# Problem description
If a line in the entries contains the string "esub", include that line in your answer.

# Recorded data
lemma index_mult_class_sum_mat:
  assumes r: "is_rep G n \<rho>" and g: "g \<in> carrier G" and A: "A \<in> carrier_mat n n"
    and ij: "i < n" "j < n"
  shows "(A * class_sum_mat G n \<rho> g) $$ (i, j) = (\<Sum>x\<in>conj_class G g. (A * \<rho> x) $$ (i, j))"
proof -
  have "(A * class_sum_mat G n \<rho> g) $$ (i, j)
      = (\<Sum>l<n. A $$ (i, l) * (\<Sum>x\<in>conj_class G g. \<rho> x $$ (l, j)))"
    using A ij by (simp add: class_sum_mat_def scalar_prod_def lessThan_atLeast0)
  also have "\<dots> = (\<Sum>x\<in>conj_class G g. \<Sum>l<n. A $$ (i, l) * \<rho> x $$ (l, j))"
    by (simp add: sum_distrib_left sum.swap[of _ "conj_class G g"])
  also have "\<dots> = (\<Sum>x\<in>conj_class G g. (A * \<rho> x) $$ (i, j))"
  proof (rule sum.cong[OF refl])
    fix x assume "x \<in> conj_class G g"
    hence "\<rho> x \<in> carrier_mat n n" using rep_carrier[OF r] conj_class_subset[OF g] by blast
    thus "(\<Sum>l<n. A $$ (i, l) * \<rho> x $$ (l, j)) = (A * \<rho> x) $$ (i, j)"
      using A ij by (simp add: scalar_prod_def lessThan_atLeast0)
  qed
  finally show ?thesis .
qed

lemma class_sum_mat_commutes:
  assumes r: "is_rep G n \<rho>" and g: "g \<in> carrier G" and h: "h \<in> carrier G"
  shows "class_sum_mat G n \<rho> g * \<rho> h = \<rho> h * class_sum_mat G n \<rho> g"
proof (rule eq_matI)
  fix i j assume "i < dim_row (\<rho> h * class_sum_mat G n \<rho> g)" "j < dim_col (\<rho> h * class_sum_mat G n \<rho> g)"
  hence ij: "i < n" "j < n" using rep_carrier[OF r h] by (simp_all add: class_sum_mat_def)
  note K = conj_class_subset[OF g]
  have "(class_sum_mat G n \<rho> g * \<rho> h) $$ (i, j) = (\<Sum>x\<in>conj_class G g. (\<rho> x * \<rho> h) $$ (i, j))"
    by (rule index_class_sum_mat_mult[OF r g rep_carrier[OF r h] ij])
  also have "\<dots> = (\<Sum>x\<in>conj_class G g. \<rho> (x \<otimes> h) $$ (i, j))"
    using K h by (intro sum.cong) (auto simp: rep_mult[OF r])
  also have "\<dots> = (\<Sum>x\<in>conj_class G g. \<rho> (h \<otimes> x \<otimes> inv h \<otimes> h) $$ (i, j))"
    by (rule sum.reindex_bij_betw[OF bij_betw_conj_class[OF g h],
          where g = "\<lambda>x. \<rho> (x \<otimes> h) $$ (i, j)", symmetric])
  also have "\<dots> = (\<Sum>x\<in>conj_class G g. \<rho> (h \<otimes> x) $$ (i, j))"
    using K h by (intro sum.cong) (auto simp: m_assoc)
  also have "\<dots> = (\<Sum>x\<in>conj_class G g. (\<rho> h * \<rho> x) $$ (i, j))"
    using K h by (intro sum.cong) (auto simp: rep_mult[OF r])
  also have "\<dots> = (\<rho> h * class_sum_mat G n \<rho> g) $$ (i, j)"
    by (rule index_mult_class_sum_mat[OF r g rep_carrier[OF r h] ij, symmetric])
  finally show "(class_sum_mat G n \<rho> g * \<rho> h) $$ (i, j) = (\<rho> h * class_sum_mat G n \<rho> g) $$ (i, j)" .
qed (use rep_carrier[OF r h] in \<open>simp_all add: class_sum_mat_def\<close>)

lemma mat_trace_class_sum_mat:
  assumes r: "is_rep G n \<rho>" and g: "g \<in> carrier G"
  shows "mat_trace (class_sum_mat G n \<rho> g) = of_nat (card (conj_class G g)) * mat_trace (\<rho> g)"
proof -
  have "mat_trace (class_sum_mat G n \<rho> g) = (\<Sum>i<n. \<Sum>x\<in>conj_class G g. \<rho> x $$ (i, i))"
    unfolding mat_trace_def class_sum_mat_def by simp
  also have "\<dots> = (\<Sum>x\<in>conj_class G g. mat_trace (\<rho> x))"
    using rep_carrier[OF r] conj_class_subset[OF g]
    unfolding mat_trace_def by (subst sum.swap) (auto intro!: sum.cong)
  also have "\<dots> = (\<Sum>x\<in>conj_class G g. mat_trace (\<rho> g))"
    using rep_trace_conj[OF r g] by (intro sum.cong) (auto simp: conj_class_def)
  finally show ?thesis by simp
qed

text \<open>
  A scalar class sum e acts on the function w(y) = \<rho>(y\<inverse>)(0,0) through the integer matrix
  M(x,y) = [x y\<inverse> \<in> K], so e is an eigenvalue of an integer matrix.
\<close>
lemma algebraic_int_class_sum_scalar:
  assumes fin: "finite (carrier G)" and r: "is_rep G n \<rho>" and n: "n > 0"
    and g: "g \<in> carrier G" and S: "class_sum_mat G n \<rho> g = e \<cdot>\<^sub>m 1\<^sub>m n"
  shows "algebraic_int e"
proof (rule algebraic_int_if_int_eigenvalue[OF fin one_closed])
  define K where "K = conj_class G g"
  define w where "w = (\<lambda>y. \<rho> (inv y) $$ (0, 0))"
  show "w \<one> \<noteq> 0" unfolding w_def using rep_one[OF r] n by simp
  fix x assume x: "x \<in> carrier G"
  have K: "K \<subseteq> carrier G" using conj_class_subset[OF g] unfolding K_def .
  have "(\<Sum>y\<in>carrier G. of_int (if x \<otimes> inv y \<in> K then 1 else 0) * w y)
      = (\<Sum>y\<in>carrier G. if x \<otimes> inv y \<in> K then w y else 0)"
    by (intro sum.cong) auto
  also have "\<dots> = (\<Sum>y\<in>{y \<in> carrier G. x \<otimes> inv y \<in> K}. w y)"
    using fin by (simp add: sum.inter_filter)
  also have "\<dots> = (\<Sum>z\<in>K. w (inv z \<otimes> x))"
    by (rule sum.reindex_bij_betw[OF bij_betw_inv_mult[OF K x], where g = w, symmetric])
  also have "\<dots> = (\<Sum>z\<in>K. (\<rho> (inv x) * \<rho> z) $$ (0, 0))"
    using K x by (intro sum.cong) (auto simp: w_def inv_mult_group rep_mult[OF r])
  also have "\<dots> = (\<rho> (inv x) * class_sum_mat G n \<rho> g) $$ (0, 0)"
    using index_mult_class_sum_mat[OF r g rep_carrier[OF r inv_closed[OF x]] n n]
    unfolding K_def by simp
  also have "\<dots> = e * w x"
    using rep_carrier[OF r inv_closed[OF x]] n unfolding S w_def by simp
  finally show "(\<Sum>y\<in>carrier G. of_int (if x \<otimes> inv y \<in> K then 1 else 0) * w y) = e * w x" .
qed

lemma central_char_algebraic_int:
  assumes fin: "finite (carrier G)" and irr: "irreducible_rep G n \<rho>" and g: "g \<in> carrier G"
  shows "algebraic_int (of_nat (card (conj_class G g)) * mat_trace (\<rho> g) / of_nat n)"
proof -
  have r: "is_rep G n \<rho>" and n: "n > 0" using irr unfolding irreducible_rep_def by auto
  obtain e where e: "class_sum_mat G n \<rho> g = e \<cdot>\<^sub>m 1\<^sub>m n"
    using schur_lemma[OF irr class_sum_mat_carrier class_sum_mat_commutes[OF r g]]
    by blast
  have "of_nat (card (conj_class G g)) * mat_trace (\<rho> g) / of_nat n = e"
    using arg_cong[OF e, of mat_trace] mat_trace_class_sum_mat[OF r g] n by simp
  thus ?thesis using algebraic_int_class_sum_scalar[OF fin r n g e] by simp
qed

lemma irr_char_algebraic_int:
  assumes "finite (carrier G)" and "irr_char G \<chi>" and g: "g \<in> carrier G"
  shows "algebraic_int (\<chi> g)"
  using assms rep_trace_algebraic_int unfolding irr_char_def irreducible_rep_def by metis

lemma irr_char_central_char_algebraic_int:
  assumes fin: "finite (carrier G)" and \<chi>: "irr_char G \<chi>" and g: "g \<in> carrier G"
  shows "algebraic_int (of_nat (card (conj_class G g)) * \<chi> g / \<chi> \<one>)"
proof -
  obtain n \<rho> where irr: "irreducible_rep G n \<rho>" and "\<forall>g\<in>carrier G. \<chi> g = mat_trace (\<rho> g)"
    using \<chi> unfolding irr_char_def by blast
  moreover have "\<rho> \<one> = 1\<^sub>m n" using irr rep_one unfolding irreducible_rep_def by blast
  ultimately show ?thesis
    using central_char_algebraic_int[OF fin irr g] g by (simp add: mat_trace_def)
qed

end

theorem lemma2p3:
  fixes G :: "('a, 'b) monoid_scheme" and p :: nat and P :: "complex set"
    and \<chi> \<psi> :: "'a \<Rightarrow> complex"
  assumes "group G" and "finite (carrier G)" and "prime p"
    and "max_ideal_over p P"
    and "in_principal_block G P \<chi>" and "in_principal_block G P \<psi>"
    and "\<chi> \<one>\<^bsub>G\<^esub> / of_nat p \<notin> \<int>"
    and "irr_char G (\<lambda>g. \<chi> g * \<psi> g)"
  shows "in_principal_block G P (\<lambda>g. \<chi> g * \<psi> g)"
proof -
  interpret group G by fact
  have P: "alg_int_ideal P" "of_nat p \<in> P" using assms(4) unfolding max_ideal_over_def by auto
  have \<chi>: "irr_char G \<chi>" and \<psi>: "irr_char G \<psi>" using assms(5,6) unfolding in_principal_block_def by auto
  obtain n where n: "n > 0" "\<chi> \<one>\<^bsub>G\<^esub> = of_nat n" using irr_char_one[OF \<chi>] .
  obtain m where m: "m > 0" "\<psi> \<one>\<^bsub>G\<^esub> = of_nat m" using irr_char_one[OF \<psi>] .
  have "\<not> p dvd n"
  proof
    assume "p dvd n"
    hence "\<chi> \<one>\<^bsub>G\<^esub> / of_nat p \<in> \<int>" using n(2) prime_gt_0_nat[OF assms(3)] by (auto elim!: dvdE)
    thus False using assms(7) by contradiction
  qed
  hence cop: "coprime n p" using prime_imp_coprime[OF assms(3)] by (simp add: coprime_commute)
  show ?thesis unfolding in_principal_block_def
  proof (intro conjI ballI)
    fix g assume g: "g \<in> carrier G"
    define k where "k = card (conj_class G g)"
    have "of_nat k * \<chi> g / of_nat n - of_nat k \<in> P"
      and "of_nat k * \<psi> g / \<psi> \<one>\<^bsub>G\<^esub> - of_nat k \<in> P"
      using assms(5,6) g n(2) unfolding in_principal_block_def k_def by auto
    moreover have "algebraic_int (of_nat k * (\<chi> g * \<psi> g) / (of_nat n * \<psi> \<one>\<^bsub>G\<^esub>))"
      using irr_char_central_char_algebraic_int[OF assms(2,8) g] n(2) unfolding k_def by simp
    ultimately show "of_nat (card (conj_class G g)) * (\<chi> g * \<psi> g) / (\<chi> \<one>\<^bsub>G\<^esub> * \<psi> \<one>\<^bsub>G\<^esub>)
        - of_nat (card (conj_class G g)) \<in> P"
      unfolding n(2) k_def[symmetric] using m(2) \<open>m > 0\<close>
      by (intro alg_int_ideal_central_char_mult[OF P cop n(1) _ irr_char_algebraic_int[OF assms(2) \<chi> g]])
        auto
  qed (rule assms(8))
qed

end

# Response
    and "\<chi> \<one>\<^bsub>G\<^esub> / of_nat p \<notin> \<int>"
  obtain n where n: "n > 0" "\<chi> \<one>\<^bsub>G\<^esub> = of_nat n" using irr_char_one[OF \<chi>] .
  obtain m where m: "m > 0" "\<psi> \<one>\<^bsub>G\<^esub> = of_nat m" using irr_char_one[OF \<psi>] .
    hence "\<chi> \<one>\<^bsub>G\<^esub> / of_nat p \<in> \<int>" using n(2) prime_gt_0_nat[OF assms(3)] by (auto elim!: dvdE)
      and "of_nat k * \<psi> g / \<psi> \<one>\<^bsub>G\<^esub> - of_nat k \<in> P"
    moreover have "algebraic_int (of_nat k * (\<chi> g * \<psi> g) / (of_nat n * \<psi> \<one>\<^bsub>G\<^esub>))"
    ultimately show "of_nat (card (conj_class G g)) * (\<chi> g * \<psi> g) / (\<chi> \<one>\<^bsub>G\<^esub> * \<psi> \<one>\<^bsub>G\<^esub>)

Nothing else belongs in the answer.